In many ways, Destiny of Desire is the perfect representation of the substantive and complicated hypocrisy of OSF’s attempts to be diversier than thou: a blanket celebration of multiculturalism includes the inclusion and celebration of decidedly illiberal values, which that inclusion and celebration further perpetuates. Like for example, celebrating multiculturalism by staging a telenovella, a genre that has rampant misogyny baked into its form, thereby furthering the idea that women being treated as property is just a story trope, not a serious problem facing half the global population. The genre itself should be condemned for its toxic treatment of women, not put on stage and celebrated as a charming look at how the other half lives. Historical or not, these sorts of stories are terrible. And the sooner we stop celebrating them, and see them for what they really are, then the sooner we can leave that world behind us. Or did OSF somehow try to rebrand itself as champions of social justice and manage to remain entirely ignorant of #MeToo?
4 Comments
Haha yes I’ve been done with OSF for a long time – ever since seeing Hamlet in WWII uniforms – just be Elizabethan – what’s the harm in’t? Beauty! Extravagance! Sophistication! Everything the language carries with it. Buuuuuut no, they have to be DIFFERENT – so we have to endure ALTERNATIVE costumes – just not necessary – and detracts –
But hey, as long as people keep coming, I guess we should all be grateful – I have an idea: how bout we celebrate music more with more happening musically around town? We could even all wear Elizabethan outfits to a DJ dance party!

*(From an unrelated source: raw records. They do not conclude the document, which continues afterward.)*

(* Let $q\ge 4$ be a prime power and $\mathcal{K}$ a set of $q(q-2)$ points in $\mathrm{PG}(2,q)$. Then there exists a line $L$ with $|L\cap\mathcal{K}|\notin\{0,q-2,q-1\}$.
   Context: $\mathrm{PG}(2,q)$ is the projective plane of $\mathbb{F}_q^3$; points are $1$-dimensional and lines $2$-dimensional subspaces. *)

theory Defs
  imports "HOL-Analysis.Analysis"
begin

text \<open>The projective plane PG(2,q) over a finite field 'a with q = CARD('a) elements.
  Points are 1-dimensional subspaces of 'a^3, lines are 2-dimensional subspaces,
  both represented as sets of vectors.\<close>

definition pg_point :: "('a::field ^ 3) set \<Rightarrow> bool" where
  "pg_point P \<longleftrightarrow> (\<exists>v. v \<noteq> 0 \<and> P = {c *s v | c. True})"

definition pg_line :: "('a::field ^ 3) set \<Rightarrow> bool" where
  "pg_line L \<longleftrightarrow> (\<exists>u w. (\<forall>a b. a *s u + b *s w = 0 \<longrightarrow> a = 0 \<and> b = 0)
                      \<and> L = {a *s u + b *s w | a b. True})"

definition line_meet_card :: "('a::field ^ 3) set \<Rightarrow> ('a ^ 3) set set \<Rightarrow> nat" where
  "line_meet_card L K = card {P \<in> K. P \<subseteq> L}"

end

theory Submission
  imports Defs
begin
lemma prob_all_blocks_fail:
  assumes indep: "indep_vars (\<lambda>_. borel) Y {1..}"
    and p: "\<And>j. j \<ge> 1 \<Longrightarrow> prob {\<omega> \<in> space M. Y j \<omega> > (0::real)} = p" and L: "L \<ge> 1"
  shows "prob {\<omega> \<in> space M. \<forall>i<n. \<exists>j\<in>block L i. Y j \<omega> \<le> 0} \<le> (1 - p ^ L) ^ n"
proof (cases "n = 0")
  case True
  then show ?thesis by simp
next
  case False
  define F where "F i = {\<omega> \<in> space M. \<exists>j\<in>block L i. Y j \<omega> \<le> 0}" for i
  have blocks: "block L i \<subseteq> {1..}" "finite (block L i)" "block L i \<noteq> {}" "card (block L i) = L" for i
    using L by (auto simp: block_def)
  have F_indep: "indep_events F UNIV"
    unfolding F_def using indep_events_block_failure[OF indep blocks(1,2) block_disjoint] .
  have F_events: "F i \<in> events" for i using F_indep by (auto simp: indep_events_def)
  have "prob (F i) = 1 - p ^ L" for i
  proof -
    have "{\<omega> \<in> space M. \<forall>j\<in>block L i. Y j \<omega> > 0} = space M - F i"
      by (auto simp: F_def not_less)
    moreover have "prob {\<omega> \<in> space M. \<forall>j\<in>block L i. Y j \<omega> > 0} = p ^ L"
      using prob_all_positive[OF indep blocks(2,3,1), of i p] blocks(4)
      by (simp add: p block_def)
    ultimately show ?thesis using prob_compl[OF F_events[of i]] by simp
  qed
  moreover have "prob (\<Inter>i\<in>{..<n}. F i) = (\<Prod>i\<in>{..<n}. prob (F i))"
  proof -
    have "{..<n} \<noteq> {}" using False by auto
    then show ?thesis using F_indep unfolding indep_events_def by blast
  qed
  moreover have "{\<omega> \<in> space M. \<forall>i<n. \<exists>j\<in>block L i. Y j \<omega> \<le> 0} = (\<Inter>i\<in>{..<n}. F i)"
    using False by (auto simp: F_def)
  ultimately show ?thesis by simp
qed
lemma finite_lists_length:
  "finite {s :: 'a::finite list. length s = n \<and> P s}"
  using finite_lists_length_eq[of "UNIV :: 'a set" n] by (rule rev_finite_subset) auto

lemma card_lists_length_Suc:
  "card {s :: 'a::finite list. length s = Suc n \<and> P s} = (\<Sum>a\<in>UNIV. card {s. length s = n \<and> P (a # s)})"
proof -
  have "{s. length s = Suc n \<and> P s} = (\<Union>a. (#) a ` {s. length s = n \<and> P (a # s)})"
    by (auto simp: length_Suc_conv)
  also have "card \<dots> = (\<Sum>a\<in>UNIV. card ((#) a ` {s. length s = n \<and> P (a # s)}))"
    by (rule card_UN_disjoint) (auto simp: finite_lists_length)
  finally show ?thesis
    by (simp add: card_image)
qed

lemma card_runs_le:
  fixes \<delta> :: "'s \<Rightarrow> 'a::finite \<Rightarrow> 's option" and f :: "'s \<Rightarrow> real"
  assumes f_ge_1: "\<And>q. 1 \<le> f q"
    and supersolution: "\<And>q. (\<Sum>a\<in>UNIV. case \<delta> q a of None \<Rightarrow> 0 | Some q' \<Rightarrow> f q') \<le> r * f q"
  shows "real (card {s. length s = n \<and> run \<delta> q s \<noteq> None}) \<le> f q * r ^ n"
proof (induction n arbitrary: q)
  case 0
  have "{s. length s = 0 \<and> run \<delta> q s \<noteq> None} = {[]}"
    by auto
  then show ?case
    using f_ge_1[of q] by simp
next
  case (Suc n)
  let ?f' = "\<lambda>a. case \<delta> q a of None \<Rightarrow> 0 | Some q' \<Rightarrow> f q'"
  have "0 \<le> sum ?f' UNIV"
    using f_ge_1 by (intro sum_nonneg) (auto split: option.split intro: order_trans[OF zero_le_one])
  then have "0 \<le> r * f q"
    using supersolution[of q] by linarith
  then have "0 \<le> r"
    using f_ge_1[of q] by (simp add: zero_le_mult_iff)
  have "real (card {s. length s = Suc n \<and> run \<delta> q s \<noteq> None})
      = (\<Sum>a\<in>UNIV. real (card {s. length s = n \<and> run \<delta> q (a # s) \<noteq> None}))"
    by (simp add: card_lists_length_Suc)
  also have "\<dots> \<le> (\<Sum>a\<in>UNIV. ?f' a * r ^ n)"
    using Suc.IH by (intro sum_mono) (simp split: option.split)
  also have "\<dots> = sum ?f' UNIV * r ^ n"
    by (simp add: sum_distrib_right)
  also have "\<dots> \<le> r * f q * r ^ n"
    using supersolution \<open>0 \<le> r\<close> by (simp add: mult_right_mono)
  finally show ?case
    by (simp add: mult_ac)
qed

text \<open>\<open>W_start\<close> and \<open>W_seg\<close> read a segment of \<open>w\<close>, \<open>Z_seg\<close> one of \<open>z\<close>. The first flag
  \<open>p\<close> records that the segment of \<open>w\<close> preceding the current (or last) segment of \<open>z\<close>
  began with \<open>B\<close> while that segment of \<open>z\<close> has no \<open>B\<close> (so far): then the next segment
  of \<open>w\<close> must not end with \<open>C\<close>. In \<open>W_seg p b c\<close> the flag \<open>b\<close> records that the
  current segment began with \<open>B\<close>. The last flag records that the previous letter was \<open>C\<close>.\<close>

datatype state = W_start bool | W_seg bool bool bool | Z_seg bool bool

fun step :: "state \<Rightarrow> letter \<Rightarrow> state option" where
  "step (W_start p) a = (case a of
      A \<Rightarrow> Some (Z_seg False False)
    | B \<Rightarrow> Some (W_seg p True False)
    | C \<Rightarrow> Some (W_seg p False True)
    | D \<Rightarrow> Some (W_seg p False False))"
| "step (W_seg p b c) a = (case a of
      A \<Rightarrow> (if p \<and> c then None else Some (Z_seg b False))
    | B \<Rightarrow> (if c then None else Some (W_seg p b False))
    | C \<Rightarrow> Some (W_seg p b True)
    | D \<Rightarrow> Some (W_seg p b False))"
| "step (Z_seg p c) a = (case a of
      A \<Rightarrow> Some (W_start p)
    | B \<Rightarrow> (if c then None else Some (Z_seg False False))
    | C \<Rightarrow> Some (Z_seg p True)
    | D \<Rightarrow> Some (Z_seg p False))"

lemma run_Z_seg:
  assumes "A \<notin> set y" and "no_CB y" and "\<not> (c \<and> y \<noteq> [] \<and> hd y = B)"
  shows "run step (Z_seg p c) y = Some (Z_seg (p \<and> B \<notin> set y) (if y = [] then c else last y = C))"
  using assms
proof (induction y arbitrary: p c)
  case (Cons a y)
  then show ?case
    by (cases a) (auto simp: no_CB_Cons)
qed simp

lemma run_W_seg:
  assumes "A \<notin> set v" and "no_CB v" and "\<not> (c \<and> v \<noteq> [] \<and> hd v = B)"
  shows "run step (W_seg p b c) v = Some (W_seg p b (if v = [] then c else last v = C))"
  using assms
proof (induction v arbitrary: c)
  case (Cons a v)
  then show ?case
    by (cases a) (auto simp: no_CB_Cons)
qed simp

lemma run_W_start:
  assumes "A \<notin> set v" and "no_CB v" and "\<not> (p \<and> last (A # v) = C)"
  shows "run step (W_start p) (v @ [A]) = Some (Z_seg (v \<noteq> [] \<and> hd v = B) False)"
proof (cases v)
  case (Cons a v')
  then have "a \<noteq> A" "\<not> (a = C \<and> v' \<noteq> [] \<and> hd v' = B)" "A \<notin> set v'" "no_CB v'"
    using assms(1,2) by (auto simp: no_CB_Cons)
  then have "run step (W_start p) v = Some (W_seg p (a = B) (last v = C))"
    using Cons run_W_seg[of v' "a = C" p "a = B"] by (cases a) auto
  moreover have "run step (W_start p) (v @ [A]) = Option.bind (run step (W_start p) v) (\<lambda>q. step q A)"
    by (simp add: run_append)
  moreover have "v \<noteq> []" "hd v = a"
    using Cons by simp_all
  ultimately show ?thesis
    using assms(3) by auto
qed simp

I, for one, am absolutely floored that someone would review a play having only seen half of it. I believe this violates every critic rule since the Hammurabi Code.
Writing a review without watching the whole play is poor journalism. If you can’t bother to see the whole piece, you have no right to write about it. Clearly this writer did no research on the playwright, the style of theatre represented in the piece or the difference between racism and misogamy and pieces of art that explore the problems with misogamy and racism. OSF has its issues, but this piece is badly written, badly researched and a poor excuse for journalism.
The wypipo have spoken. “Telenovelas have misogyny baked in to them,” totally unlike Shakespeare’s entire canon. If you can get this much virtue-signaling fuel out of half a play, you might just be a performative feminist.